Pedro J. Huerta Nuño. Secretario general de Escuelas Católicas

Con los ecos aún resonando de nuestro reciente Congreso de Escuelas Católicas,“Ser. Estar. Educar… con nombre propio”, nos vamos dando cuenta de que hemos participado en algo más profundo que un espacio de formación o debate. El Congreso ha sido un verdadero lugar de encuentro y aliento. Un momento para detenernos y reflexionar, como comunidad educativa, sobre la esencia de nuestra misión: acompañar y amar a cada persona que la conforma, sin excepción.

El lema del Congreso quedará grabado en nuestra visión estratégica porque recoge una invitación indispensable: vivir nuestra identidad como educadores desde la riqueza de lo que somos, pero también con la honestidad que nos aportan nuestras sombras y debilidades. Educar no es solo transmitir conocimientos, sino acoger al otro, tal como es, en su complejidad y riqueza, permitiéndonos aprender también de él y con él. Como señaló C. S. Lewis: “El objetivo del educador moderno no es el de talar bosques sino el de irrigar desiertos”. En este Congreso hemos recordado que nuestra tarea no es moldear a otros según patrones predefinidos, sino regar las semillas de vida y potencial que ya están presentes en cada persona.

El desafío está claro: construir la escuela católica que queremos ser y que el mundo sigue necesitando, por más tropiezos que nos pongan

En un mundo marcado por la prisa y la distracción, el verbo “estar” adquiere un acto casi revolucionario. Estar implica presencia real, atención plena y disponibilidad auténtica. Significa tanto cuidar a quienes educan como a quienes son educados, entendiendo que la relación educativa no es unidireccional, sino un intercambio de experiencias, aprendizajes y vida. El Congreso nos ha recordado que estar no es solo hacer acto de presencia, sino vivir la educación como una forma del ser, como una expresión del amor al prójimo, que tanto nos define como escuelas de ideario católico.
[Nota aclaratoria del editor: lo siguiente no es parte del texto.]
text \<open>A fixed point of a nonempty reduced word must backtrack: otherwise the walk of its
   images along the prefixes of the word would return to its starting orbit, contradicting
   walk_no_return.\<close>
lemma (in ladder) fixed_point_backtracks:
  assumes invariant: "\<And>g x. g \<in> G \<Longrightarrow> c (g x) = c x"
    and word: "g0 \<in> G" "\<forall>p\<in>set s. snd p \<in> G" "reduced s" "s \<noteq> []"
    and fixed: "eval_word h g0 s x = x"
  shows "x \<in> backtracks h g0 s"
proof (rule ccontr)
  assume good: "x \<notin> backtracks h g0 s"
  define m where "m = length s"
  define E where "E i = fst (s ! i)" for i
  define Y where "Y i = eval_word h g0 (take i s) x" for i
  have Y_step: "Y (Suc i) = snd (s ! i) (hpm h (E i) (Y i))" if "i < m" for i
    using eval_word_take_Suc[of i s h g0] that unfolding Y_def E_def m_def by simp
  have step: "c (Y (Suc i)) = c (hpm h (E i) (Y i))" if "i < m" for i
    using Y_step[OF that] invariant word(2) that m_def by simp
  have no_backtrack: "E (Suc i) = E i" if "Suc i < m" "Y (Suc i) = hpm h (E i) (Y i)" for i
  proof (rule ccontr)
    assume "E (Suc i) \<noteq> E i"
    then have "fst (s ! Suc i) = (\<not> fst (s ! i))" unfolding E_def by blast
    then have "snd (s ! i) \<noteq> id" using word(3) that(1) unfolding reduced_def m_def by blast
    moreover have "snd (s ! i) (hpm h (E i) (Y i)) = Y (Suc i)"
      using that(1) by (intro Y_step[symmetric]) simp
    then have "snd (s ! i) (hpm h (E i) (Y i)) = hpm h (E i) (Y i)"
      by (simp only: that(2))
    ultimately show False
      using good that(1) unfolding backtracks_def Y_def E_def m_def by auto
  qed
  have "c (Y m) \<noteq> c (Y 0)"
    using walk_no_return[of m Y E 0 m] step no_backtrack word(4) m_def by simp
  moreover have "Y m = x" "Y 0 = g0 x" using fixed unfolding Y_def m_def by simp_all
  ultimately show False using invariant[OF word(1)] by simp
qed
Educar con nombre propio supone cercanía. Es mirar a cada persona a los ojos, llamarla por su nombre, reconocer su historia y sus narraciones, acompañarla sin prejuicios. Pero también nos lleva a constatar que nada de esto lo hacemos en nuestro propio nombre. Como educadores creyentes, somos, estamos y educamos en nombre de Aquel que nos ha enviado, de quien nos invita a ser mediadores de un mensaje de esperanza, amor y vida abundante.
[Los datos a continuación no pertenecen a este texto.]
(* Let $n\le m$ and $0<\rho<n$. Define $$\epsilon=\left\lceil\frac{(q^m-q^\rho)\left({n\brack 1}-{\rho\brack 1}\right)}{q^\rho{\rho+1\brack 1}}\right\rceil q^\rho{\rho+1\brack 1}+(q^m-q^\rho)\left({\rho\brack 1}-{n\brack 1}\right)$$ and $\delta=V_1(q^m,n)-q^{\rho-1}{\rho\brack 1}-1+2\epsilon$. If $\epsilon>0$, then $$K_{\mathrm R}(q^m,n,\rho)\ge\left\lceil\frac{q^{mn}}{V_\rho(q^m,n)-\frac{\epsilon}{\delta}N_\rho(q^m,n)}\right\rceil.$$
   Context: The rank $\mathrm{rk}(\mathbf x)$ of $\mathbf x\in\mathrm{GF}(q^m)^n$ is the maximum number of its coordinates linearly independent over $\mathrm{GF}(q)$, and $d_{\mathrm R}(\mathbf x,\mathbf y)=\mathrm{rk}(\mathbf x-\mathbf y)$. $K_{\mathrm R}(q^m,n,\rho)$ is the minimum cardinality of a code in $\mathrm{GF}(q^m)^n$ with rank covering radius $\rho$ (covering radius $=\max_{\mathbf x}\min_{\mathbf c\in C}d_{\mathrm R}(\mathbf x,\mathbf c)$). $N_u(q^m,n)={n\brack u}\alpha(m,u)$ is the number of vectors of rank $u$ in $\mathrm{GF}(q^m)^n$ and $V_r(q^m,n)=\sum_{u=0}^r N_u(q^m,n)$, where $\alpha(m,0)=1$, $\alpha(m,u)=\prod_{i=0}^{u-1}(q^m-q^i)$ and ${n\brack u}=\alpha(n,u)/\alpha(u,u)$. *)

theory Defs
  imports Complex_Main "HOL-Library.FuncSet"
begin

text \<open>The ambient field GF(q^m) is a finite field type 'k; GF(q) is a subfield F of it.\<close>

definition is_subfield :: "'k::field set \<Rightarrow> bool" where
  "is_subfield F \<longleftrightarrow> 0 \<in> F \<and> 1 \<in> F \<and>
     (\<forall>a\<in>F. \<forall>b\<in>F. a + b \<in> F \<and> a * b \<in> F) \<and>
     (\<forall>a\<in>F. - a \<in> F) \<and> (\<forall>a\<in>F. a \<noteq> 0 \<longrightarrow> inverse a \<in> F)"

definition vecs :: "nat \<Rightarrow> (nat \<Rightarrow> 'k) set" where
  "vecs n = {..<n} \<rightarrow>\<^sub>E (UNIV :: 'k set)"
La Navidad, que pronto celebraremos, nos recuerda el significado profundo de recibir un nombre. En el nacimiento de Jesús, Dios se hace presente en nuestra historia como Emmanuel, “Dios-con-nosotros”. Ese nombre, cargado de promesas, nos llama a construir una comunidad educativa que sea también reflejo del amor de Dios. Nos invita a transformar nuestras escuelas en lugares donde el “tú” se convierte en “nosotros”, en espacios de solidaridad, escucha y apoyo mutuo. Lugares donde ser, estar y educar se entrelazan como gestos concretos de amor y cuidado.

El desafío está claro: construir la escuela católica que queremos ser y que el mundo sigue necesitando, por más tropiezos que nos pongan. Una escuela que acoge, acompaña y educa con nombre propio. Una escuela que irrigue desiertos y abra caminos en ellos, mediante palabras de vida, siendo signo de esperanza y de encuentro para todos.